Figure 2. Distinct surfaces of the PKR kinase domain are critical to K3L resistance

(a) Plasmids encoding gibbon PKR alleles with substitutions in the αG helix were introduced into yeast strains HM3 (eIF2α alone) and HM1 (eIF2α and K3L). Ten-fold serial dilutions of transformants are shown. Corresponding immunoblot analysis is also shown using antibodies against PKR (top panel) and K3L (bottom panel). (b) A ribbon representation of the PKR/eIF2α complex highlighting the association of side chains of residues under positive selection with side chains of eIF2α. Phe489, Ser492, and Thr496 form a face of the αG helix directly interacting with eIF2α. (c) Plasmids encoding gibbon and orangutan PKR alleles with substitutions in the αE helix were introduced into yeast strains HM3 and HM1. Ten-fold serial dilutions of transformants are shown along with corresponding immunoblot analysis. (d) Residues under positive selection (Gln376 and Lys380) and residue Leu394 from a ribbon representation of human PKR and eIF2α are shown. (e) A schematic depicting that single substitutions in either the αE and αG helices can confer resistance against vaccinia K3L to gibbon PKR.

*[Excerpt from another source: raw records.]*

theorem mainTheorem7:
  fixes A :: "'a set" and V :: "'n set" and r :: 'n and par :: "'n \<Rightarrow> 'n"
    and lab :: "'n \<Rightarrow> 'a list" and pos :: "'n \<Rightarrow> nat"
  assumes "card A = 4"
  shows "\<not> complete_bifurcate_tree A V r par lab pos"
proof
  assume tree: "complete_bifurcate_tree A V r par lab pos"
  let ?L = "{take 7 (lab v) |v. v \<in> V \<and> 7 \<le> length (lab v)}"
  have "?L = {}"
    using insertion_closed_7_card_4_empty[OF assms]
      complete_bifurcate_tree_prefixes_closed[OF tree] by blast
  moreover obtain v where "v \<in> V" "7 \<le> length (lab v)"
    using complete_bifurcate_tree_long_label[OF tree] by blast
  ultimately show False
    by blast
qed

end
(* Assume $a>0$, $b>0$. Let $w,w'\in W_n$ be such that $w\smile_1 w'$. Then $w\sim_R w'$.
   Context: $W_n$ is the Weyl group of type $B_n$ with Coxeter generators $t,s_1,\dots,s_{n-1}$ ($(ts_1)^4=1$, $(s_is_{i+1})^3=1$, other distinct pairs commute), identified with the permutations $w$ of $\{\pm1,\dots,\pm n\}$ with $w(-i)=-w(i)$ via $t\mapsto(1,-1)$, $s_i\mapsto(i,i+1)(-i,-i-1)$. For $w,w'\in W_n$, $w\smile_1 w'$ means: there exists $i$ with $2\le i\le n-1$ and $w(i)<w(i-1)<w(i+1)$, or $1\le i\le n-2$ and $w(i)<w(i+2)<w(i+1)$, such that $w'=ws_i$. $\Gamma$ is a totally ordered abelian group, $a,b\in\Gamma$, $\varphi(t)=b$, $\varphi(s_i)=a$. $A=\mathbb{Z}[\Gamma]$, $Q=e^b$, $q=e^a$, $A_{<0}=\bigoplus_{\gamma<0}\mathbb{Z}e^\gamma$. $\mathcal{H}_n$ is the Hecke algebra over $A$ with basis $(T_w)$, $T_wT_{w'}=T_{ww'}$ when lengths add, $(T_t-Q)(T_t+Q^{-1})=0$, $(T_{s_i}-q)(T_{s_i}+q^{-1})=0$; bar involution $\overline{e^\gamma}=e^{-\gamma}$, $\overline{T_w}=T_{w^{-1}}^{-1}$; $C_w$ is the unique bar-invariant element with $C_w-T_w\in\bigoplus A_{<0}T_w$. Write $x\leftarrow_R y$ if for some $h\in\mathcal{H}_n$ the coefficient of $C_x$ in $C_yh$ is nonzero; $\le_R$ is its transitive closure and $x\sim_R y$ means $x\le_R y$ and $y\le_R x$ (Kazhdan–Lusztig right cells). *)

theory Defs
  imports Main "HOL-Library.Poly_Mapping"
begin

type_synonym 'g grpring = "'g \<Rightarrow>\<^sub>0 int"

definition expo :: "'g::linordered_ab_group_add \<Rightarrow> 'g grpring" where
  "expo \<gamma> = Poly_Mapping.single \<gamma> 1"

definition barA :: "'g::linordered_ab_group_add grpring \<Rightarrow> 'g grpring" where
  "barA p = (\<Sum>\<gamma>\<in>Poly_Mapping.keys p. Poly_Mapping.single (- \<gamma>) (Poly_Mapping.lookup p \<gamma>))"

definition Aneg :: "'g::linordered_ab_group_add grpring set" where
  "Aneg = {p. \<forall>\<gamma>\<in>Poly_Mapping.keys p. \<gamma> < 0}"

section \<open>The Weyl group W_n of type B_n as signed permutations\<close>

definition signed_dom :: "nat \<Rightarrow> int set" where
  "signed_dom n = {i. 1 \<le> \<bar>i\<bar> \<and> \<bar>i\<bar> \<le> int n}"

definition Wn :: "nat \<Rightarrow> (int \<Rightarrow> int) set" where
  "Wn n = {w. bij_betw w (signed_dom n) (signed_dom n) \<and> (\<forall>i. w (- i) = - w i)
              \<and> (\<forall>i. i \<notin> signed_dom n \<longrightarrow> w i = i)}"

Figure 3. PKR chimeras reveal masking of K3L sensitivity by Leu394

(a) Ten-fold serial dilutions of transformants expressing alleles of human PKR with combinations of substitutions in the αE and αG helices are shown along with corresponding immunoblot analysis. (b) Phenotype ‘cubes’ summarizing the K3L susceptibility of alleles with all combinations of substitutions between human and gibbon PKR at positions 394, 489, and 492 from Figures 2a, 3a and S5. Red and blue dots indicate resistance and sensitivity to K3L respectively. With the exception of F-F-A, which shows some measure of resistance to K3L in the human background (indicated by the red crescent), each set of substitutions have similar phenotypes in the human and gibbon backgrounds. Each single substitution in wildtype human PKR results in a variant still resistant to K3L, while in two of three cases gibbon PKR becomes resistant (indicated by arrows). (c) Sequence alignments of the αG helix for each member of the eIF2α kinase family from several mammals highlights the conservation of this region compared to rapid evolution of PKR (black arrowheads indicate residues of the αG helix under positive selection in PKR). The frequency of substitutions among the panel at each position is indicated by a color code (yellow for a single substitution, orange for a second, red for a third, and blue for a fourth) with human sequence as a reference. Residues making contacts with eIF2α are indicated with lines below the PKR alignment.